EXERCISE: Would you please copy every line below that includes the string "ereal"?

Dataset entries:
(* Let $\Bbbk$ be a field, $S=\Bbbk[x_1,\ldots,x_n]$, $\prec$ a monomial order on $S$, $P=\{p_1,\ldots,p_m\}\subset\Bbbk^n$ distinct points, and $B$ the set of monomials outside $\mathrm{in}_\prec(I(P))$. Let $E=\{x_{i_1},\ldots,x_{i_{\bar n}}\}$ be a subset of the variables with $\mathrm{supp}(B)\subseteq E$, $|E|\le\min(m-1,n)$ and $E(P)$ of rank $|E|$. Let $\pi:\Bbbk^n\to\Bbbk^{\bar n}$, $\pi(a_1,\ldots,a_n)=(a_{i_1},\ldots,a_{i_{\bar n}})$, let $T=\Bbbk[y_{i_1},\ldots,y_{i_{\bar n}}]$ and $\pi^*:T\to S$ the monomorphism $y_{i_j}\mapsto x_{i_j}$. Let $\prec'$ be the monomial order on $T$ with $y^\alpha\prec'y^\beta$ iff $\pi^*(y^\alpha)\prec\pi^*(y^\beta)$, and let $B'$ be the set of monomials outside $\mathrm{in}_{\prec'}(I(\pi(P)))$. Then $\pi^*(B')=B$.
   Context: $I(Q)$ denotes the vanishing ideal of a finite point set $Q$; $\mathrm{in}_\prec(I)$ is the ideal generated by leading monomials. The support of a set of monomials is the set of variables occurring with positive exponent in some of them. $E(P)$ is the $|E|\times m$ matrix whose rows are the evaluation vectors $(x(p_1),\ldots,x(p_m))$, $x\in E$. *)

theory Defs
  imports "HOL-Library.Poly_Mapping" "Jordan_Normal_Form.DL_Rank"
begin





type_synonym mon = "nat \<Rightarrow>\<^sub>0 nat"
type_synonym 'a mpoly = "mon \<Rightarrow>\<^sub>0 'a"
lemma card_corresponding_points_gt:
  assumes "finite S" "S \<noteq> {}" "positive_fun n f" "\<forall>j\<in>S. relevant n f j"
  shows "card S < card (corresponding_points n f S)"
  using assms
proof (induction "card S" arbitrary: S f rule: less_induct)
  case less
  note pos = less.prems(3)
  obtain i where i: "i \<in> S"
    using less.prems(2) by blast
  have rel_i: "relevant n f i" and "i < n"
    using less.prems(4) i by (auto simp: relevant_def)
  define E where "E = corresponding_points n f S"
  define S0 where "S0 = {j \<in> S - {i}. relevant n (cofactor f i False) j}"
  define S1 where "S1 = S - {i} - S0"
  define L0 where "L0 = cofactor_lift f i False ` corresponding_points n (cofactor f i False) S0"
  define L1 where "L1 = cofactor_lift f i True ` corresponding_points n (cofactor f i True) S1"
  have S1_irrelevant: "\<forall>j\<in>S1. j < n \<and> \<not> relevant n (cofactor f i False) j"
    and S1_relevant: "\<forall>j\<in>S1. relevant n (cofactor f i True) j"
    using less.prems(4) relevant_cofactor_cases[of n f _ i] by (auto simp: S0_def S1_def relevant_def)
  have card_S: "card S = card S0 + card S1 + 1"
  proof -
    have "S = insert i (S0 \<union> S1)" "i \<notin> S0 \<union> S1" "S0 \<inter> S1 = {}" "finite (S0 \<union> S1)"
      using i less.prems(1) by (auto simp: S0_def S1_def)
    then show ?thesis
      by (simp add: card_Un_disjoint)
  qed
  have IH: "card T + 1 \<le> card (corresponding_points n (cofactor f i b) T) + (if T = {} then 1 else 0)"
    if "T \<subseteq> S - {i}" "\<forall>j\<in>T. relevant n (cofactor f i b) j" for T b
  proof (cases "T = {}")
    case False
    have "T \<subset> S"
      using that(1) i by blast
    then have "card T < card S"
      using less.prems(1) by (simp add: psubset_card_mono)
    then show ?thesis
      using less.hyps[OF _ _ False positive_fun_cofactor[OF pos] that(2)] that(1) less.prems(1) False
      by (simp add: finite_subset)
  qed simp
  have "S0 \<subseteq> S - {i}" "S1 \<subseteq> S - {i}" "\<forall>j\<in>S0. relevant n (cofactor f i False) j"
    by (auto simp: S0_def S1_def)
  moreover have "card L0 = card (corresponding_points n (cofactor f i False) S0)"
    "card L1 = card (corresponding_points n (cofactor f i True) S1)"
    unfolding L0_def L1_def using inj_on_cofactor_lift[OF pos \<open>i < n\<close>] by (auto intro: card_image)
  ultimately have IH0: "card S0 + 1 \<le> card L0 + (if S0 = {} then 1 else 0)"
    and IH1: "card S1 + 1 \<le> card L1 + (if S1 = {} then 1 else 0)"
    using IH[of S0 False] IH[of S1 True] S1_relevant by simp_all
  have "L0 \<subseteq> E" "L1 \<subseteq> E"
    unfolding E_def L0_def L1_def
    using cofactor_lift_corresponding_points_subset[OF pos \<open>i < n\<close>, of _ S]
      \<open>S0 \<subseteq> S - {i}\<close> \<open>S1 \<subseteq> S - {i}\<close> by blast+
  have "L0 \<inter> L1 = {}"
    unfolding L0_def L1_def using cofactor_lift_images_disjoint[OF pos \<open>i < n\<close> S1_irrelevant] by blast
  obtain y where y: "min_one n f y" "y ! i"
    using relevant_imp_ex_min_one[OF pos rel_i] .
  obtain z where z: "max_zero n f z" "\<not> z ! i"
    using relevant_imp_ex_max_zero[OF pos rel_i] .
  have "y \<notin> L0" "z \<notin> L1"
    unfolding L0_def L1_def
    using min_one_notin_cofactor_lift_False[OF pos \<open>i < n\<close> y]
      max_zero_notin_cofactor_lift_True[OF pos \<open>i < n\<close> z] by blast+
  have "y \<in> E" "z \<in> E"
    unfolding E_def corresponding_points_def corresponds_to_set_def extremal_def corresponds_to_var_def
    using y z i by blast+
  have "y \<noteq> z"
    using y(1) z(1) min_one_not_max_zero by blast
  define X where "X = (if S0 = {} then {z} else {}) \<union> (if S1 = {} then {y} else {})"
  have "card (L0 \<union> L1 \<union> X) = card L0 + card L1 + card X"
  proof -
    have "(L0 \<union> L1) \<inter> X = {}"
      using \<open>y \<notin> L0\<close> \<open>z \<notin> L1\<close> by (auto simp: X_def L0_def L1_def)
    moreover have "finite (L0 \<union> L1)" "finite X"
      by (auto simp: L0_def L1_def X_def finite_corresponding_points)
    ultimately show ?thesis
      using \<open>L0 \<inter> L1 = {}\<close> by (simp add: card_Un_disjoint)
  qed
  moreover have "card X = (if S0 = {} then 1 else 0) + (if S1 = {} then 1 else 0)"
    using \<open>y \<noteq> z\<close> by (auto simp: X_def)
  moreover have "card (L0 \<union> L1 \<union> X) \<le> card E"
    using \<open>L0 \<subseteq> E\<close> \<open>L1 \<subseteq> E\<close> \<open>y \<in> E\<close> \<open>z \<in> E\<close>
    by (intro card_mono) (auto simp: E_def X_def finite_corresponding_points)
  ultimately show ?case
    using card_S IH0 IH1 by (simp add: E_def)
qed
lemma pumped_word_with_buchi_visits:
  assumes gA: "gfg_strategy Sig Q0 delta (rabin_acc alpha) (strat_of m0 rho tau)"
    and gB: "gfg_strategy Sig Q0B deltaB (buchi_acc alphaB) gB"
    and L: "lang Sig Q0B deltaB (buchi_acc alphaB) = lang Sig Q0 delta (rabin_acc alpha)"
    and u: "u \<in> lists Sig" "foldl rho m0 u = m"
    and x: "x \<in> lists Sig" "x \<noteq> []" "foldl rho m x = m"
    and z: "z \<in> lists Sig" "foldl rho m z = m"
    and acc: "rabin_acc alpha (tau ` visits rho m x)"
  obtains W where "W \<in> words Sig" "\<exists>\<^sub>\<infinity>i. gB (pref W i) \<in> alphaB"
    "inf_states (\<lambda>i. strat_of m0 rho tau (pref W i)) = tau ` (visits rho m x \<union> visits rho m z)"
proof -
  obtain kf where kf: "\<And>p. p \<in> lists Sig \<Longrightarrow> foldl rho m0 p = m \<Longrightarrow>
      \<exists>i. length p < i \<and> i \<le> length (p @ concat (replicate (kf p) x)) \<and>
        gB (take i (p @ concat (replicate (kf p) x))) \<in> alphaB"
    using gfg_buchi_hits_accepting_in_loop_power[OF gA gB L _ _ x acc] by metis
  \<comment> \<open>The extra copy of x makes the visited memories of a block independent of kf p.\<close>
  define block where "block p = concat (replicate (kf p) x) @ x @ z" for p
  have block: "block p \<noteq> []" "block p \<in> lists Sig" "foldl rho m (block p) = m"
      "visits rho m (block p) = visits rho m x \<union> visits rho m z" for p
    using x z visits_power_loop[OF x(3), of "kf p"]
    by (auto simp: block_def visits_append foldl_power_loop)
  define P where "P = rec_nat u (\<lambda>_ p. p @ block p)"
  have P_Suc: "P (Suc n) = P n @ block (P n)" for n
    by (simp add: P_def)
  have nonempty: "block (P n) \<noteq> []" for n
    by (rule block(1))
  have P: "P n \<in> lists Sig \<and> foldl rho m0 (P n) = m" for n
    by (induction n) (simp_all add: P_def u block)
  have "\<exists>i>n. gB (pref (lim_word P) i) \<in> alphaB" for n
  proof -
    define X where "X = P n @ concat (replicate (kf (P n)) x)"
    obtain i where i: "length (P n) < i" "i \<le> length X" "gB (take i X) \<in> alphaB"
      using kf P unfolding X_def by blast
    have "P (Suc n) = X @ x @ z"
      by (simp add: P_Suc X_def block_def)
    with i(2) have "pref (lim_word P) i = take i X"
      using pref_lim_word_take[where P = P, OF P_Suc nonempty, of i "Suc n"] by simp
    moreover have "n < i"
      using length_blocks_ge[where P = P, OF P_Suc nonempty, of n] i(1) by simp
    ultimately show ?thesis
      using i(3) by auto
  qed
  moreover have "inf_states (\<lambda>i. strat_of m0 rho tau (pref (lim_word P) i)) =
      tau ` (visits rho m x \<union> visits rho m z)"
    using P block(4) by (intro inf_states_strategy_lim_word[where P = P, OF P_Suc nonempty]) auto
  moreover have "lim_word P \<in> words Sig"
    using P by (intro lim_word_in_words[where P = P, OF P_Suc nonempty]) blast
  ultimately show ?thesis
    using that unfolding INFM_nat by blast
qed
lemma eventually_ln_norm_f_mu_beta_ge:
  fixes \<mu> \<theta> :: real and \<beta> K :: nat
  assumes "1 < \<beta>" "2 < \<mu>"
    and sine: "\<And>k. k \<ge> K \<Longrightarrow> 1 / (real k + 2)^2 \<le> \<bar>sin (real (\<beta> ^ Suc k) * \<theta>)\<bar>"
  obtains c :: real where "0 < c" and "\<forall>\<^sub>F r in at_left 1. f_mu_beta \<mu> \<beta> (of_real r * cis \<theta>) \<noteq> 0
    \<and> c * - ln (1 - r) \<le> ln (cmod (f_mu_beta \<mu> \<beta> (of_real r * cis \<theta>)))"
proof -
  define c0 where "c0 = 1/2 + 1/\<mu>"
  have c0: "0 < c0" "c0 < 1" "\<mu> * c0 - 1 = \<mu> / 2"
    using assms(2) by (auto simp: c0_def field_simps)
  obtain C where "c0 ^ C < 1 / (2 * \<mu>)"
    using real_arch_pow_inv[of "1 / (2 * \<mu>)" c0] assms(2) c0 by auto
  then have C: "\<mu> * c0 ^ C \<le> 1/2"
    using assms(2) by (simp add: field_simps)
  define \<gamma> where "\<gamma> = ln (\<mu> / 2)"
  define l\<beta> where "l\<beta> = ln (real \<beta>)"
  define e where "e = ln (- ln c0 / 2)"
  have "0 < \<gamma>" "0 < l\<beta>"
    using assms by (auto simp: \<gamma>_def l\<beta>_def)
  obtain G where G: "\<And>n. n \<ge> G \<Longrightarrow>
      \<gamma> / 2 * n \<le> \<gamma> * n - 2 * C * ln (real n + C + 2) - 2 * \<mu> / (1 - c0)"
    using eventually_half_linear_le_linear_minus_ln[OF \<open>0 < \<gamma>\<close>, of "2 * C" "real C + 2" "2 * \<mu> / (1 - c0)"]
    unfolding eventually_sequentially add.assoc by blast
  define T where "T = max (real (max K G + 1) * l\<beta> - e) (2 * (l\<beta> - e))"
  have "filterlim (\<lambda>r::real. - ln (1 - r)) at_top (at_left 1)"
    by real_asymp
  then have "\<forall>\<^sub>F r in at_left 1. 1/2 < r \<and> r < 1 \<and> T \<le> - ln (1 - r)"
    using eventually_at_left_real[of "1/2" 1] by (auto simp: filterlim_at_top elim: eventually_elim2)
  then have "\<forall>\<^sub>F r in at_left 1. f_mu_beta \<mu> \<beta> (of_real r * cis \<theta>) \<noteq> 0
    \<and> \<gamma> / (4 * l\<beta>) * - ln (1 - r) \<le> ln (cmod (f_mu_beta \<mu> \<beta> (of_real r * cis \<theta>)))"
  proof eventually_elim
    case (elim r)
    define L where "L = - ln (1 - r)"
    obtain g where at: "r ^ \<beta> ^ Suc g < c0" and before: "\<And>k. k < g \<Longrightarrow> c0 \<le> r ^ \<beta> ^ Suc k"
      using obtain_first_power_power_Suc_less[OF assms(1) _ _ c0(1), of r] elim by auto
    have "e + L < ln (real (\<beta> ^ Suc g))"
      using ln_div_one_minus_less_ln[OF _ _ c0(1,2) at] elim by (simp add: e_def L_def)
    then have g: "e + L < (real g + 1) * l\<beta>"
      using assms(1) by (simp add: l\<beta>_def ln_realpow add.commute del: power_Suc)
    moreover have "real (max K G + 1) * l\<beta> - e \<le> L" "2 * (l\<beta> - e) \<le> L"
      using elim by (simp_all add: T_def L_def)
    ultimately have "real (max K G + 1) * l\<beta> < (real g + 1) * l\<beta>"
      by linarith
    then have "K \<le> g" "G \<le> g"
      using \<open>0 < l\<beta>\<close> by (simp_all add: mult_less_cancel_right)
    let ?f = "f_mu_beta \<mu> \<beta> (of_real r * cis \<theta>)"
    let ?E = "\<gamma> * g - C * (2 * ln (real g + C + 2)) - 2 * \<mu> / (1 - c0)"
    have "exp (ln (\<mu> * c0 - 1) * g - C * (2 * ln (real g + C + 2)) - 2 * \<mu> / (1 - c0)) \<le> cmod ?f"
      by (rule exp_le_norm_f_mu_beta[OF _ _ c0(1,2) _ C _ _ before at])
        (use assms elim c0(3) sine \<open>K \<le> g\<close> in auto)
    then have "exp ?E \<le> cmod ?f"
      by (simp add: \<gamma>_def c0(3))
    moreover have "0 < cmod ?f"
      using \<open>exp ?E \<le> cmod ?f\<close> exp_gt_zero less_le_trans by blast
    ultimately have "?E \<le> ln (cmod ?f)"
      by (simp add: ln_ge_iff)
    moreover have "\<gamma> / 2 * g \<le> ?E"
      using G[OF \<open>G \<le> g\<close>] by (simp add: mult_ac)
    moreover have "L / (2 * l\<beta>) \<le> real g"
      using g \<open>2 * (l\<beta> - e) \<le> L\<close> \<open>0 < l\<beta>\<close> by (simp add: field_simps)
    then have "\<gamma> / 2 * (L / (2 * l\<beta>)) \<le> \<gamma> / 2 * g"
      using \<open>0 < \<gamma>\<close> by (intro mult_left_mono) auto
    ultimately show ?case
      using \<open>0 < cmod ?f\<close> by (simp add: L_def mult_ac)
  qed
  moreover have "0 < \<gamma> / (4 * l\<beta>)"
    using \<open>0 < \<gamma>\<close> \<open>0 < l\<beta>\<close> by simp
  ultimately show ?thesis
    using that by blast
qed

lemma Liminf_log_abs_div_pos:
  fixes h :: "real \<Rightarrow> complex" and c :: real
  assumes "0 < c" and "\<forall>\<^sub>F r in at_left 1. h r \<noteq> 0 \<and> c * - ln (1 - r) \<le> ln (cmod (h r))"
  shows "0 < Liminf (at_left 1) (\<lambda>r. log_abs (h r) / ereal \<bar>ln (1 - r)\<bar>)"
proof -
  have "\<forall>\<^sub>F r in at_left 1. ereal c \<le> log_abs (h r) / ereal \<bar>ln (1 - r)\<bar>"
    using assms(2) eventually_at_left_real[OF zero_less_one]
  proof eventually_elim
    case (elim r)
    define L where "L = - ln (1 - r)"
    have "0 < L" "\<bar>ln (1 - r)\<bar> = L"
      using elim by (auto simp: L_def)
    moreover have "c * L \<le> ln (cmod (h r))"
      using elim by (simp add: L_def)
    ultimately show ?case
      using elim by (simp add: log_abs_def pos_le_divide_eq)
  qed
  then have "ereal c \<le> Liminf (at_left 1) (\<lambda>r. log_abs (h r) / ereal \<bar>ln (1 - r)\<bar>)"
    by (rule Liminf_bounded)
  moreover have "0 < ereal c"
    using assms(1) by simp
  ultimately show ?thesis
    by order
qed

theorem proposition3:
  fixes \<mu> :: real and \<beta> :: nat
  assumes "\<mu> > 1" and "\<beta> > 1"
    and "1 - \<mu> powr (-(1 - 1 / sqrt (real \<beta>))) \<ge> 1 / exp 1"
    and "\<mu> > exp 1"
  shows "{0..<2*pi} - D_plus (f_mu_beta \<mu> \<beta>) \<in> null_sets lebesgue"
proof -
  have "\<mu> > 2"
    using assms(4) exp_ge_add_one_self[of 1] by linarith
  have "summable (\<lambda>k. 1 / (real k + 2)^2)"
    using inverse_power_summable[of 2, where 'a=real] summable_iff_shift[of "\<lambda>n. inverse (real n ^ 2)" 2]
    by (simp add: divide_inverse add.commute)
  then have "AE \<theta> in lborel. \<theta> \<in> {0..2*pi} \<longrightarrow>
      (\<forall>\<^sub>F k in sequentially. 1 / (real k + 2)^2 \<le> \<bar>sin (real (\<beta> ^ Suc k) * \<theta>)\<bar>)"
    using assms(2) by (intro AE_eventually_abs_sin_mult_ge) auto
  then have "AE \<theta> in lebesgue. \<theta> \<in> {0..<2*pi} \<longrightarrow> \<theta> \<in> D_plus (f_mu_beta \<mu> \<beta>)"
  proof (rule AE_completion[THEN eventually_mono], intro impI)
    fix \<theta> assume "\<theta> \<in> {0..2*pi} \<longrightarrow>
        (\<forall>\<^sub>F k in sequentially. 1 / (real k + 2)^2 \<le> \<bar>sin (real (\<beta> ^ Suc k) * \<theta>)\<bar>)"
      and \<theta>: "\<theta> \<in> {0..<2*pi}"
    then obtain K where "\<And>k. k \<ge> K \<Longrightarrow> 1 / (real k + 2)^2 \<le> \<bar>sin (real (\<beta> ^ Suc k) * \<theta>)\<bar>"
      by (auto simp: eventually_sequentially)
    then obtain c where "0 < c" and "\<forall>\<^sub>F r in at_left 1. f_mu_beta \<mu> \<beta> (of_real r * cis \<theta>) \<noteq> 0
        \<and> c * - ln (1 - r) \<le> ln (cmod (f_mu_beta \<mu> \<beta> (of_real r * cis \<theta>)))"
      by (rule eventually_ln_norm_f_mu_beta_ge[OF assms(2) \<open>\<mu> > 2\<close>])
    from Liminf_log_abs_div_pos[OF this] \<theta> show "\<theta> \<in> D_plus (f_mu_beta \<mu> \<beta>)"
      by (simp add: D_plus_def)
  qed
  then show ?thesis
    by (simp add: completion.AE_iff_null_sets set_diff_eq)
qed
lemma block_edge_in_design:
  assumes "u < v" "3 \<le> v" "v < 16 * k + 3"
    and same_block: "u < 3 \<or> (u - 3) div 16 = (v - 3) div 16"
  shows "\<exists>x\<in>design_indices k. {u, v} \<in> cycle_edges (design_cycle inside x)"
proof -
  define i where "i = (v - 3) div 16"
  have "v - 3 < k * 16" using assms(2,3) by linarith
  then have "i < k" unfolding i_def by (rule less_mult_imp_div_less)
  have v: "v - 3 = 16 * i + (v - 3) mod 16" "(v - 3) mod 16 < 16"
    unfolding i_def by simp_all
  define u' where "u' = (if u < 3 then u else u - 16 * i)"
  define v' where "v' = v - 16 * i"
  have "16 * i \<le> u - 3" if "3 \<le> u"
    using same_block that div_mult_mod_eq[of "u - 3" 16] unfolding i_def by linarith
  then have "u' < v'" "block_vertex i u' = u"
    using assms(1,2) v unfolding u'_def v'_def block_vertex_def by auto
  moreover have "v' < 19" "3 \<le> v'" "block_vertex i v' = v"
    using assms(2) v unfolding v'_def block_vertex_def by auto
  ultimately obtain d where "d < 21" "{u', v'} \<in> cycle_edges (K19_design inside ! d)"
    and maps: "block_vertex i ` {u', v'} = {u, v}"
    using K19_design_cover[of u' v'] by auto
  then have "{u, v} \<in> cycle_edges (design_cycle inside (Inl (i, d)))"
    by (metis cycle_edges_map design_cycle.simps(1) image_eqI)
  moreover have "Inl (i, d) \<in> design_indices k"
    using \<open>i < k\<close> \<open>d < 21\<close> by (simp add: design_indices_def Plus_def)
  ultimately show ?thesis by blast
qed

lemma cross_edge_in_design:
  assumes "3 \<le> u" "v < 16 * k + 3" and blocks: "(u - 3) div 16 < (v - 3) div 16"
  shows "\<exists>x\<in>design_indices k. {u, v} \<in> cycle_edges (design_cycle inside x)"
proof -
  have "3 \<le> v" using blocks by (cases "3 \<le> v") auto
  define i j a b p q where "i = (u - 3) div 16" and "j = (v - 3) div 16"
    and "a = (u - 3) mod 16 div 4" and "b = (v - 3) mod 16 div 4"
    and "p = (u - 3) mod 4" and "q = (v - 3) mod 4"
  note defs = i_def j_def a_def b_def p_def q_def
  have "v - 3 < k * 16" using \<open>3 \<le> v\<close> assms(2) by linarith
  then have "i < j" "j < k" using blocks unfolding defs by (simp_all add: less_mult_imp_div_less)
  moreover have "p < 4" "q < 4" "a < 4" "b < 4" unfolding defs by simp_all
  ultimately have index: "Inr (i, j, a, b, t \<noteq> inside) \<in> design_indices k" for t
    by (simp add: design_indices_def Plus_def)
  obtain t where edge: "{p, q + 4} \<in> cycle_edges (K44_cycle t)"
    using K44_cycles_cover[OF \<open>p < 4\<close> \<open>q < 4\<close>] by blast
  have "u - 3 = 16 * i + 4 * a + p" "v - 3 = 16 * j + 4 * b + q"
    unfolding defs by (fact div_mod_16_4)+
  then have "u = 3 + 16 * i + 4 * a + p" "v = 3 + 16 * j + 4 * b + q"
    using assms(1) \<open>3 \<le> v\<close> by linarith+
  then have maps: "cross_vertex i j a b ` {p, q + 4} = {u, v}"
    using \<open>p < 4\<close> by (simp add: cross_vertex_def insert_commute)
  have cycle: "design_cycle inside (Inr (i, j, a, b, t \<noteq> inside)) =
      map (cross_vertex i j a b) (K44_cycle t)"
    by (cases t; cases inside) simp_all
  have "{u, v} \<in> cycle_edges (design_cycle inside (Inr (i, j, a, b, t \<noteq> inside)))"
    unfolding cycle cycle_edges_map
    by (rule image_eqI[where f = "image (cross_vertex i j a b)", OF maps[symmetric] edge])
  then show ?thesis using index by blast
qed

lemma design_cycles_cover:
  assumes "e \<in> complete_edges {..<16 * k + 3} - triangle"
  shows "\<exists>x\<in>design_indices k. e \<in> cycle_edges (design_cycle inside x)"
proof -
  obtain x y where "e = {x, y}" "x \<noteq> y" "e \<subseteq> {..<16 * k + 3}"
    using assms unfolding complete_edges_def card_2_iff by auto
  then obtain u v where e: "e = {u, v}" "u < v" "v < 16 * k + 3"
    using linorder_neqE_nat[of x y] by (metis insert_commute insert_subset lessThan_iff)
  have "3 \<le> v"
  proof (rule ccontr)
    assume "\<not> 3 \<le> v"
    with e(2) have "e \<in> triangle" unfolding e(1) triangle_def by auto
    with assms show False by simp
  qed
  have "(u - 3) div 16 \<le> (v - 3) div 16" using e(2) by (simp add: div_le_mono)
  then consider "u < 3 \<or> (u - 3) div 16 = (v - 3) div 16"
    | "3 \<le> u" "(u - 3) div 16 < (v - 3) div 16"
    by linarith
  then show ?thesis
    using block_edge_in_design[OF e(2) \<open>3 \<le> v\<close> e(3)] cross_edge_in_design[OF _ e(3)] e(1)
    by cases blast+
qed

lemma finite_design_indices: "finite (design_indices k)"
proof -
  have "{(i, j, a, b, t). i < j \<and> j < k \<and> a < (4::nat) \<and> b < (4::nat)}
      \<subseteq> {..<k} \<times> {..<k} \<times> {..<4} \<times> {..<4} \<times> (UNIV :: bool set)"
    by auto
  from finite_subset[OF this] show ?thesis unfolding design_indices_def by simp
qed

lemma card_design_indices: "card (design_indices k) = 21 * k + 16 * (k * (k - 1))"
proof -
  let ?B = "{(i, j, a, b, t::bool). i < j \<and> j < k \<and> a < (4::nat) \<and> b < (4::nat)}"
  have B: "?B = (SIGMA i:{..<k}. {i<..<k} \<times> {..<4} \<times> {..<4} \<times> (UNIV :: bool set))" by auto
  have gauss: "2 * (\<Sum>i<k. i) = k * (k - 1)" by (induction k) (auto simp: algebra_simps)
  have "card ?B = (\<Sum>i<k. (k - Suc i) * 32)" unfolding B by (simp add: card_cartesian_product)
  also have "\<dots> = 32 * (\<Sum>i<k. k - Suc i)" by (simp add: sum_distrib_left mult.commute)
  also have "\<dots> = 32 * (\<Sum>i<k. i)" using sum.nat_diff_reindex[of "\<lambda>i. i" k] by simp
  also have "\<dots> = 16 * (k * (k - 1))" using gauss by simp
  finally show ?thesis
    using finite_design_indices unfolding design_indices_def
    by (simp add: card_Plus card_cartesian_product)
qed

RESULT OF THE TASK:
  shows "0 < Liminf (at_left 1) (\<lambda>r. log_abs (h r) / ereal \<bar>ln (1 - r)\<bar>)"
  have "\<forall>\<^sub>F r in at_left 1. ereal c \<le> log_abs (h r) / ereal \<bar>ln (1 - r)\<bar>"
  then have "ereal c \<le> Liminf (at_left 1) (\<lambda>r. log_abs (h r) / ereal \<bar>ln (1 - r)\<bar>)"
  moreover have "0 < ereal c"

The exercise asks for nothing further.